Stiamo li a misurare i sospiri di O’Driscoll, le vicissitudini di O’Connel, quelle di Warburton e, per gli avversari, le delusioni di Quade Cooper. I British & Irish Lions, evento indiscutibilmente di altissimo livello e meraviglioso come tradizione (altrui),  sono però solo una scusa, un simbolo del rugby internazionale che voglio usare per raccontarci come molte altre questione più italiane non trovino un interesse sui media nemmeno paragonabile, non abbiano la stessa visibilità.

Sarebbe interessante aprire un bel dibattito su cosa accadrà del prossimo Campionato di Eccellenza con tre retrocessioni, o sul fatto che gli stranieri potranno essere “solo” quattro, sul progetto apertura che pare sarà cassato dopo solo un anno; potremmo anche parlare delle decisioni che non si sono ancora sentite ovvero su come rilanciare il nostro rugby, ripeto “nostro” casomai qualcuno pensasse che sia nostro quello di Tolone o dei Lions di cui sopra, in termini di spettatori e di risorse economiche.
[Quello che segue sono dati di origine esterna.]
(* Define the Poisson bracket $\{H,G\}=\oint\mathsf E h\cdot\mathcal{P}\,\mathsf E g\,\mathrm{d}x$, where $G(k_1,k_2)=\oint g\,\mathrm{d}x$ and $H(k_1,k_2)=\oint h\,\mathrm{d}x$, and $g,h$ are functions of periodic $k_1,k_2$ and their derivatives. Then $\mathrm{d}H[X^g]=\{H,G\}$.
   Context: Closed curves $\gamma:S^1\to\mathbb R^3$ with $\det(\gamma,\gamma',\gamma'')=1$ (centroaffine arclength $x$), invariants $k_1,k_2$ defined by $\gamma'''=(k_1\gamma)'+k_2\gamma$. $D=\partial/\partial x$; $\mathsf E f=\big(\sum_{j\ge0}(-D)^j\partial f/\partial k_1^{(j)},\ \sum_{j\ge0}(-D)^j\partial f/\partial k_2^{(j)}\big)^{\mathrm T}$; $\mathcal{P}=\begin{pmatrix}-2D^3+Dk_1+k_1D & -D^4+D^2k_1+2Dk_2+k_2D\\ D^4-k_1D^2+2k_2D+Dk_2 & \tfrac23(D^5+k_1Dk_1-k_1D^3-D^3k_1)+[k_2,D^2]\end{pmatrix}$. For a local function $g$, $X^g:=(\mathsf E g)_1\gamma'+(\mathsf E g)_2\gamma''+r_0\gamma$, where $r_0$ is determined by the non-stretching condition ($X=a\gamma+b\gamma'+c\gamma''$ is non-stretching iff $b'=-a-\tfrac13(c''+2k_1c)$). *)

theory Defs
  imports "HOL-Analysis.Analysis"
begin

definition Dv :: "(real \<Rightarrow> 'a::real_normed_vector) \<Rightarrow> real \<Rightarrow> 'a" where
  "Dv f = (\<lambda>x. vector_derivative f (at x))"

definition smooth_fn :: "(real \<Rightarrow> 'a::real_normed_vector) \<Rightarrow> bool" where
  "smooth_fn f \<longleftrightarrow> (\<forall>n x. ((Dv ^^ n) f) differentiable (at x))"

definition periodic_fn :: "real \<Rightarrow> (real \<Rightarrow> 'a) \<Rightarrow> bool" where
  "periodic_fn L f \<longleftrightarrow> (\<forall>x. f (x + L) = f x)"

definition det3 :: "real^3 \<Rightarrow> real^3 \<Rightarrow> real^3 \<Rightarrow> real" where
  "det3 a b c = det (vector [a, b, c] :: real^3^3)"

text \<open>A closed (L-periodic) smooth curve in centroaffine arclength parametrisation
  det(g,g',g'')=1, with centroaffine invariants k1,k2: g''' = (k1 g)' + k2 g.\<close>
definition ca_curve :: "real \<Rightarrow> (real \<Rightarrow> real^3) \<Rightarrow> (real \<Rightarrow> real) \<Rightarrow> (real \<Rightarrow> real) \<Rightarrow> bool" where
  "ca_curve L \<gamma> k1 k2 \<longleftrightarrow> L > 0 \<and> smooth_fn \<gamma> \<and> periodic_fn L \<gamma> \<and>
     smooth_fn k1 \<and> smooth_fn k2 \<and>
     (\<forall>x. det3 (\<gamma> x) (Dv \<gamma> x) ((Dv ^^ 2) \<gamma> x) = 1) \<and>
     (\<forall>x. (Dv ^^ 3) \<gamma> x = Dv (\<lambda>y. k1 y *\<^sub>R \<gamma> y) x + k2 x *\<^sub>R \<gamma> x)"

text \<open>Local functions: f u v where u j stands for k1^(j), v j for k2^(j).\<close>
type_synonym jetfn = "(nat \<Rightarrow> real) \<Rightarrow> (nat \<Rightarrow> real) \<Rightarrow> real"

definition pd1 :: "nat \<Rightarrow> jetfn \<Rightarrow> jetfn" where
  "pd1 j f = (\<lambda>u v. deriv (\<lambda>s. f (u(j := s)) v) (u j))"

definition pd2 :: "nat \<Rightarrow> jetfn \<Rightarrow> jetfn" where
  "pd2 j f = (\<lambda>u v. deriv (\<lambda>s. f u (v(j := s))) (v j))"

text \<open>Iterated partial derivatives: (True,j) = d/dk1^(j), (False,j) = d/dk2^(j).\<close>
fun pds :: "(bool \<times> nat) list \<Rightarrow> jetfn \<Rightarrow> jetfn" where
  "pds [] f = f"
| "pds ((b, j) # ws) f = (if b then pd1 j (pds ws f) else pd2 j (pds ws f))"

definition local_fn :: "nat \<Rightarrow> jetfn \<Rightarrow> bool" where
  "local_fn N f \<longleftrightarrow>
     (\<forall>u u' v v'. (\<forall>j<N. u j = u' j \<and> v j = v' j) \<longrightarrow> f u v = f u' v') \<and>
     (\<forall>ws. (\<forall>j u v. (\<lambda>s. pds ws f (u(j := s)) v) differentiable (at (u j))) \<and>
           (\<forall>j u v. (\<lambda>s. pds ws f u (v(j := s))) differentiable (at (v j))) \<and>
           continuous_on UNIV (\<lambda>p. pds ws f (fst p) (snd p)))"

definition jet :: "(real \<Rightarrow> real) \<Rightarrow> real \<Rightarrow> nat \<Rightarrow> real" where
  "jet k x = (\<lambda>j. (Dv ^^ j) k x)"

text \<open>Variational derivative E f (sum over j<N suffices for local_fn N f).\<close>
definition E1 :: "nat \<Rightarrow> jetfn \<Rightarrow> (real \<Rightarrow> real) \<Rightarrow> (real \<Rightarrow> real) \<Rightarrow> real \<Rightarrow> real" where
  "E1 N f k1 k2 x = (\<Sum>j<N. (-1) ^ j * (Dv ^^ j) (\<lambda>y. pd1 j f (jet k1 y) (jet k2 y)) x)"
Non ci starebbe bene un bel dibattito sul numero di placcaggi in Eccellenza e sui metri percorsi per partita? Oppure siamo capaci di scuoterci solo se il nome comincia per O con l’apostrofo dopo?

Volete un altro tema interessante? E’ giusto che le due franchige  di Pro12 abbiano un riferimento territoriale?

Dai sospiri di Wilkinson al nostro rugby giocato il passo è così grande? E’ vero che le elezioni federali ci sono già state e pertanto trattare i temi più strettamente locali, specialmente con il Presidente che sembra essere ipoacusico, potrebbe risultare meno appetibile in termini di audience ma abdicare è brutta cosa. Parlo con amici del web e qualcuno dice che “certi non scrivono per timore di offendere tizio o caio” ma questa secondo me, è la solita storiella “del buono, del brutto e del cattivo” che non ha invece palcoscenico.

Ritengo purtroppo che manchi la cultura del rugby come fatto italiano e nessuno vuole seriamente mettersi in campo per darci una spinta, gli stessi  media hanno per le mani il rugby come un fatto “straniero”, un po’ lo sport degli altri, del resto stereotipi come la birra o la partita al pub non sono certo cose da Stivale, noi vi  conviviamo sognando un domani di portare tutti le basette di Griffen o i ricci di qualche maori. Una notizia, vi fosse sfuggita, neanche il calcio è nato in Italia.

La cultura del rugby come fenomeno italiano deve invece nascere da noi, bello il claim FIR che dice “Rugby passione italianaforse sarebbe il caso lo mettessimo poi in pratica, ne facessimo un progetto ambizioso e diffuso, un “progetto media” che faccia parlare di più del nostro rugby e dei suoi problemi, ecco una nuova occupazione che la FIR dovrebbe prendere in considerazione. Un giorno l’Italia ovale sarà costretta ad ammettere che siamo il primo paese al mondo per il suo vino non per la birra e che una partita con un negroamaro o un prosecco, o un lambrusco con il culatello, è una partita stupenda.